■ **What the task asks**: The output must be the line with "theory Defs" and every following line to the end of the material, exactly as they appear, and nothing else.

Start of Materials provided

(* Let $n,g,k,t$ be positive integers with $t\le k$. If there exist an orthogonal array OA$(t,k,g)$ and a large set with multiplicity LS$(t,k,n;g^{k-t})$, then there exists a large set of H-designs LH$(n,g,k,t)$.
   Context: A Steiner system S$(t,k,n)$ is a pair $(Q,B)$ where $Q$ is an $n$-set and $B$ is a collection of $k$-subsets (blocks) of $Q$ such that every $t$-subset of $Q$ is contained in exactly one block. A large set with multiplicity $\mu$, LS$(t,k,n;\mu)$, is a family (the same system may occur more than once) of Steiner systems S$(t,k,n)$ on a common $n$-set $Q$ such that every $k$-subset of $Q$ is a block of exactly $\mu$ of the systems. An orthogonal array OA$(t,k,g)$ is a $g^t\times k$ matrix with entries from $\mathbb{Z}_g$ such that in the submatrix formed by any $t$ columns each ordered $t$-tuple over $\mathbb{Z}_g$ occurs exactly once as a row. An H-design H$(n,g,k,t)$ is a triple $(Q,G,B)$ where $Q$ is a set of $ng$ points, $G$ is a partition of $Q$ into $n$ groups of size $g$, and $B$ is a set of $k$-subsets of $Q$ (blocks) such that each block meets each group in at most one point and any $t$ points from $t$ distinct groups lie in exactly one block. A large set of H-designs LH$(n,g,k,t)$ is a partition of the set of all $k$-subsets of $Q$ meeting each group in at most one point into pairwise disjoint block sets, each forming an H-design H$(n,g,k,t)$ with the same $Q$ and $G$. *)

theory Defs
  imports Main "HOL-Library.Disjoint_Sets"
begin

End of Materials provided

■ **Result**:
theory Defs
  imports Main "HOL-Library.Disjoint_Sets"
begin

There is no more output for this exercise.